# GOAL OF THE EXERCISE
Across the entries below, tally every line that holds the string "refl" and reply with the number only.

# Stored data
_ _ _ _ _

(* Consider an instance of restricted assignment with interval restrictions in which every job has a nonempty eligible interval, with machines identified with $\{0,\dots,m-1\}$ in their order and $\mathcal{M}(j)=\{\ell(j),\dots,r(j)\}$. Let $\mathrm{OPT}$ be the optimal makespan and let $$L=\max\Big\{\max_{j\in\mathcal{J}}p_j,\ \max_{0\le \ell\le r\le m-1}\frac{p(\mathcal{J}(\ell,r))}{r-\ell+1}\Big\},$$ where $\mathcal{J}(\ell,r)=\{j\in\mathcal{J}: \mathcal{M}(j)\subseteq\{\ell,\dots,r\}\}$ and $p(J)=\sum_{j\in J}p_j$. Consider the least flexible first heuristic: starting with machine $i^*=0$, repeatedly do the following: let $J$ be the set of not yet placed jobs eligible on $i^*$; if the load currently placed on $i^*$ is at most $L$ and $J\neq\emptyset$, place on $i^*$ a job $j\in J$ with minimal $r(j)$ and consider $i^*$ again; otherwise move to the next machine $i^*+1$, or stop if there is none. Then this heuristic places every job, and every machine receives a load of at most $L+\max_{j\in\mathcal{J}}p_j\le 2\,\mathrm{OPT}$.
   Context: Restricted assignment with interval restrictions: jobs $\mathcal{J}$ with sizes $p_j\ge0$, machines $\{0,\dots,m-1\}$ in a fixed order, each job $j$ eligible exactly on the consecutive machines $\{\ell(j),\dots,r(j)\}$; a schedule assigns each job to an eligible machine, the load of a machine is the total size of jobs assigned to it, and the makespan is the maximum load; $\mathrm{OPT}$ is the minimum makespan over all schedules. *)

theory Defs
  imports Complex_Main
begin
lemma (in semiring_hom) map_mat_word_mat:
  "\<forall>x\<in>set w. V x \<in> carrier_mat n n \<Longrightarrow>
    map_mat hom (word_mat n V w) = word_mat n (\<lambda>x. map_mat hom (V x)) w"
proof (induction w)
  case Nil
  then show ?case by (simp add: word_mat_def mat_hom_one)
next
  case (Cons x w)
  then have "V x \<in> carrier_mat n n" "word_mat n V w \<in> carrier_mat n n"
    by (auto intro: word_mat_carrier)
  with Cons show ?case
    by (simp add: word_mat_Cons mat_hom_mult)
qed

lemma pc_eval_carrier: "pc_eval n k e V f \<in> carrier_mat (n ^ k) (n ^ k)"
  by (simp add: pc_eval_def)

lemma pc_eval_zero: "pc_eval n k e V 0 = 0\<^sub>m (n ^ k) (n ^ k)"
  by (rule eq_matI) (auto simp: pc_eval_def)

lemma (in semiring_hom) map_mat_pc_eval:
  assumes V: "\<And>i x. V i x \<in> carrier_mat n n"
  shows "map_mat hom (pc_eval n k e V f) = pc_eval n k (hom \<circ> e) (\<lambda>i x. map_mat hom (V i x)) f"
proof (rule eq_matI)
  fix r c assume "r < dim_row (pc_eval n k (hom \<circ> e) (\<lambda>i x. map_mat hom (V i x)) f)"
    "c < dim_col (pc_eval n k (hom \<circ> e) (\<lambda>i x. map_mat hom (V i x)) f)"
  then have rc: "r < n ^ k" "c < n ^ k"
    by (auto simp: pc_eval_def)
  have "hom (kron_list (map (\<lambda>i. word_mat n (V i) (m ! i)) [0..<k]) $$ (r, c)) =
      kron_list (map (\<lambda>i. word_mat n (\<lambda>x. map_mat hom (V i x)) (m ! i)) [0..<k]) $$ (r, c)" for m
  proof -
    have "kron_list (map (\<lambda>i. word_mat n (V i) (m ! i)) [0..<k]) \<in> carrier_mat (n ^ k) (n ^ k)"
      using kron_list_carrier[of "map (\<lambda>i. word_mat n (V i) (m ! i)) [0..<k]" n] V
      by (auto intro!: word_mat_carrier)
    then have "hom (kron_list (map (\<lambda>i. word_mat n (V i) (m ! i)) [0..<k]) $$ (r, c)) =
        map_mat hom (kron_list (map (\<lambda>i. word_mat n (V i) (m ! i)) [0..<k])) $$ (r, c)"
      using rc by simp
    then show ?thesis
      by (simp add: map_mat_kron_list map_mat_word_mat V o_def)
  qed
  with rc show "map_mat hom (pc_eval n k e V f) $$ (r, c) =
      pc_eval n k (hom \<circ> e) (\<lambda>i x. map_mat hom (V i x)) f $$ (r, c)"
    by (simp add: pc_eval_def hom_distribs)
qed (auto simp: pc_eval_def)

lemma pc_eval_cong:
  assumes "pc_poly k X f" and "\<And>i x. i < k \<Longrightarrow> x \<in> X i \<Longrightarrow> V i x = V' i x"
  shows "pc_eval n k e V f = pc_eval n k e V' f"
proof -
  have "word_mat n (V i) (m ! i) = word_mat n (V' i) (m ! i)"
    if "m \<in> Poly_Mapping.keys f" "i < k" for m i
  proof -
    have "set (m ! i) \<subseteq> X i"
      using assms(1) that unfolding pc_poly_def pc_monomials_def by blast
    with assms(2) that(2) show ?thesis
      by (intro word_mat_cong) auto
  qed
  then show ?thesis
    unfolding pc_eval_def
    by (intro arg_cong[where f="mat _ _"] ext sum.cong refl arg_cong2[where f="(*)"]
        arg_cong2[where f="($$)"] arg_cong[where f=kron_list]) auto
qed

section \<open>Identities and the generic matrices\<close>

lemma (in comm_ring_hom) map_mat_eval_poly_pc_eval:
  assumes M: "\<And>x. M x \<in> carrier_mat n n"
  shows "map_mat (eval_poly hom q) (pc_eval n k const_poly (\<lambda>_. M) f) =
    pc_eval n k hom (\<lambda>_ x. map_mat (eval_poly hom q) (M x)) f"
proof -
  interpret eval: comm_ring_hom "eval_poly hom q"
    by (rule eval_poly_comm_ring_hom) unfold_locales
  show ?thesis
    using eval.map_mat_pc_eval[of "\<lambda>_. M" n k const_poly f] M by (simp add: eval_poly_const_poly)
qed

lemma pc_identity_imp_pc_eval_poly_mat_zero:
  fixes M :: "'v \<Rightarrow> ('w, 'a::field) genpoly mat" and emb :: "'a \<Rightarrow> 'b::field"
  assumes inf: "infinite (UNIV :: 'a set)" and emb: "field_hom emb"
    and M: "\<And>x. M x \<in> carrier_mat n n" and identity: "pc_identity n k X emb f"
  shows "pc_eval n k const_poly (\<lambda>_. M) f = 0\<^sub>m (n ^ k) (n ^ k)"
proof (rule eval_poly_mat_eq_zero_imp_zero[OF inf emb pc_eval_carrier])
  interpret comm_ring_hom emb
    using emb by (simp add: field_hom_def idom_hom_def)
  fix q
  have "map_mat (eval_poly emb q) (pc_eval n k const_poly (\<lambda>_. M) f) =
      pc_eval n k emb (\<lambda>_ x. map_mat (eval_poly emb q) (M x)) f"
    by (rule map_mat_eval_poly_pc_eval[OF M])
  also have "\<dots> = 0\<^sub>m (n ^ k) (n ^ k)"
    using identity M unfolding pc_identity_def by auto
  finally show "map_mat (eval_poly emb q) (pc_eval n k const_poly (\<lambda>_. M) f) = 0\<^sub>m (n ^ k) (n ^ k)" .
qed

lemma Phi_zero_imp_pc_identity:
  fixes f :: "'v list list \<Rightarrow>\<^sub>0 'a::field" and emb :: "'a \<Rightarrow> 'b::field"
  assumes emb: "comm_ring_hom emb"
    and disj: "\<forall>i<k. \<forall>j<k. i \<noteq> j \<longrightarrow> X i \<inter> X j = {}"
    and pc: "pc_poly k X f" and Phi: "Phi n k f = 0\<^sub>m (n ^ k) (n ^ k)"
  shows "pc_identity n k X emb f"
  unfolding pc_identity_def
proof (intro allI impI)
  interpret comm_ring_hom emb by fact
  fix v :: "nat \<Rightarrow> 'v \<Rightarrow> 'b mat"
  assume v: "\<forall>i<k. \<forall>x\<in>X i. v i x \<in> carrier_mat n n"
  text \<open>By disjointness a single point q of the generic coordinates realises all of v.\<close>
  define factor where "factor x = (SOME i. i < k \<and> x \<in> X i)" for x
  have factor: "factor x = i" if "i < k" "x \<in> X i" for i x
    using someI[of "\<lambda>i. i < k \<and> x \<in> X i" i] disj that by (auto simp: factor_def)
  define q where "q = (\<lambda>(x, a, b). v (factor x) x $$ (a, b))"
  have generic: "generic_mat n x \<in> carrier_mat n n" for x :: 'v
    by (simp add: generic_mat_def)
  have "pc_eval n k emb v f = pc_eval n k emb (\<lambda>_ x. map_mat (eval_poly emb q) (generic_mat n x)) f"
  proof (rule pc_eval_cong[OF pc])
    fix i x assume "i < k" "x \<in> X i"
    with v factor have "v i x \<in> carrier_mat n n" "factor x = i"
      by auto
    then show "v i x = map_mat (eval_poly emb q) (generic_mat n x)"
      by (auto simp: generic_mat_def q_def eval_poly_tvar intro!: eq_matI)
  qed
  also have "\<dots> = map_mat (eval_poly emb q) (Phi n k f)"
    unfolding Phi_def by (rule map_mat_eval_poly_pc_eval[OF generic, symmetric])
  also have "\<dots> = 0\<^sub>m (n ^ k) (n ^ k)"
    unfolding Phi by (rule eq_matI) auto
  finally show "pc_eval n k emb v f = 0\<^sub>m (n ^ k) (n ^ k)" .
qed

section \<open>Faithfulness of the superdiagonal matrices in low degree\<close>

fun kron_index :: "nat \<Rightarrow> nat list \<Rightarrow> nat" where
  "kron_index n [] = 0"
| "kron_index n (l # L) = l * n ^ length L + kron_index n L"

lemma kron_index_less: "\<forall>l\<in>set L. l < n \<Longrightarrow> kron_index n L < n ^ length L"
proof (induction L)
  case (Cons l L)
  then have "kron_index n (l # L) < (l + 1) * n ^ length L"
    by simp
  also have "\<dots> \<le> n * n ^ length L"
    using Cons.prems by (intro mult_right_mono) auto
  finally show ?case by simp
qed simp

lemma kron_index_replicate_0 [simp]: "kron_index n (replicate k 0) = 0"
  by (induction k) auto

lemma kron_index_Cons_div_mod:
  assumes "\<forall>l\<in>set L. l < n"
  shows "kron_index n (l # L) div n ^ length L = l"
    and "kron_index n (l # L) mod n ^ length L = kron_index n L"
proof -
  have less: "kron_index n L < n ^ length L"
    using kron_index_less[OF assms] .
  have "kron_index n (l # L) = kron_index n L + l * n ^ length L"
    by simp
  with less show "kron_index n (l # L) div n ^ length L = l" "kron_index n (l # L) mod n ^ length L = kron_index n L"
    by (simp_all only: div_mult_self1 mod_mult_self1 div_less mod_less)
qed

lemma kron_list_index:
  assumes "\<forall>A\<in>set As. A \<in> carrier_mat n n" "length R = length As" "length L = length As"
    "\<forall>l\<in>set R. l < n" "\<forall>l\<in>set L. l < n"
  shows "kron_list As $$ (kron_index n R, kron_index n L) = (\<Prod>j<length As. As ! j $$ (R ! j, L ! j))"
  using assms
proof (induction As arbitrary: R L)
  case (Cons A As)
  obtain r R' l L' where RL: "R = r # R'" "L = l # L'"
    using Cons.prems(2,3) by (cases R; cases L) auto
  have lengths: "length R' = length As" "length L' = length As"
    using Cons.prems(2,3) RL by simp_all
  have "kron_index n R < n * n ^ length As" "kron_index n L < n * n ^ length As"
    using kron_index_less[of R n] kron_index_less[of L n] Cons.prems(2-5) by simp_all
  moreover have "kron_list As \<in> carrier_mat (n ^ length As) (n ^ length As)" "A \<in> carrier_mat n n"
    using Cons.prems(1) by (auto intro: kron_list_carrier)
  ultimately have "kron_list (A # As) $$ (kron_index n R, kron_index n L)
      = A $$ (r, l) * kron_list As $$ (kron_index n R', kron_index n L')"
    using kron_index_Cons_div_mod[of R' n r] kron_index_Cons_div_mod[of L' n l] Cons.prems(4,5)
    by (simp add: index_kron RL lengths)
  also have "\<dots> = (\<Prod>j<length (A # As). (A # As) ! j $$ (R ! j, L ! j))"
    using Cons.IH[of R' L'] Cons.prems RL lengths by (simp add: prod.lessThan_Suc_shift del: prod.lessThan_Suc)
  finally show ?case .
qed simp

lemma word_mat_superdiag_index:
  fixes g :: "'v \<Rightarrow> nat \<Rightarrow> nat \<Rightarrow> 'b::comm_semiring_1"
  assumes "a + length w < n" "b < n"
  shows "word_mat n (\<lambda>x. mat n n (\<lambda>(i, j). if j = i + 1 then g x i j else 0)) w $$ (a, b) =
    (if b = a + length w then \<Prod>s<length w. g (w ! s) (a + s) (a + s + 1) else 0)"
  using assms
proof (induction w arbitrary: a)
  case Nil
  then show ?case by (simp add: word_mat_def)
next
  case (Cons x w)
  let ?V = "\<lambda>x. mat n n (\<lambda>(i, j). if j = i + 1 then g x i j else 0)"
  let ?W = "word_mat n ?V w"
  have W: "?W \<in> carrier_mat n n"
    by (rule word_mat_carrier) auto
  have "word_mat n ?V (x # w) $$ (a, b) = (\<Sum>i<n. ?V x $$ (a, i) * ?W $$ (i, b))"
    using W Cons.prems by (simp add: word_mat_Cons scalar_prod_def atLeast0LessThan)
  also have "\<dots> = (\<Sum>i<n. if i = a + 1 then g x a (a + 1) * ?W $$ (a + 1, b) else 0)"
    using Cons.prems by (intro sum.cong refl) auto
  also have "\<dots> = g x a (a + 1) * ?W $$ (a + 1, b)"
    using Cons.prems by simp
  also have "\<dots> = (if b = a + length (x # w) then \<Prod>s<length (x # w). g ((x # w) ! s) (a + s) (a + s + 1) else 0)"
    using Cons.IH[of "a + 1"] Cons.prems by (simp add: prod.lessThan_Suc_shift del: prod.lessThan_Suc)
  finally show ?case .
qed

definition superdiag_monom :: "'v list list \<Rightarrow> ('v \<times> nat \<times> nat) \<Rightarrow>\<^sub>0 nat" where
  "superdiag_monom m = (\<Sum>j<length m. \<Sum>s<length (m ! j). Poly_Mapping.single (m ! j ! s, s, s + 1) 1)"

lemma prod_single_one:
  "(\<Prod>i\<in>A. Poly_Mapping.single (g i) (1::'a::comm_semiring_1)) = Poly_Mapping.single (sum g A) 1"
  by (induction A rule: infinite_finite_induct) (simp_all add: mult_single)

_ _ _ _ _

# ANSWER BELOW
2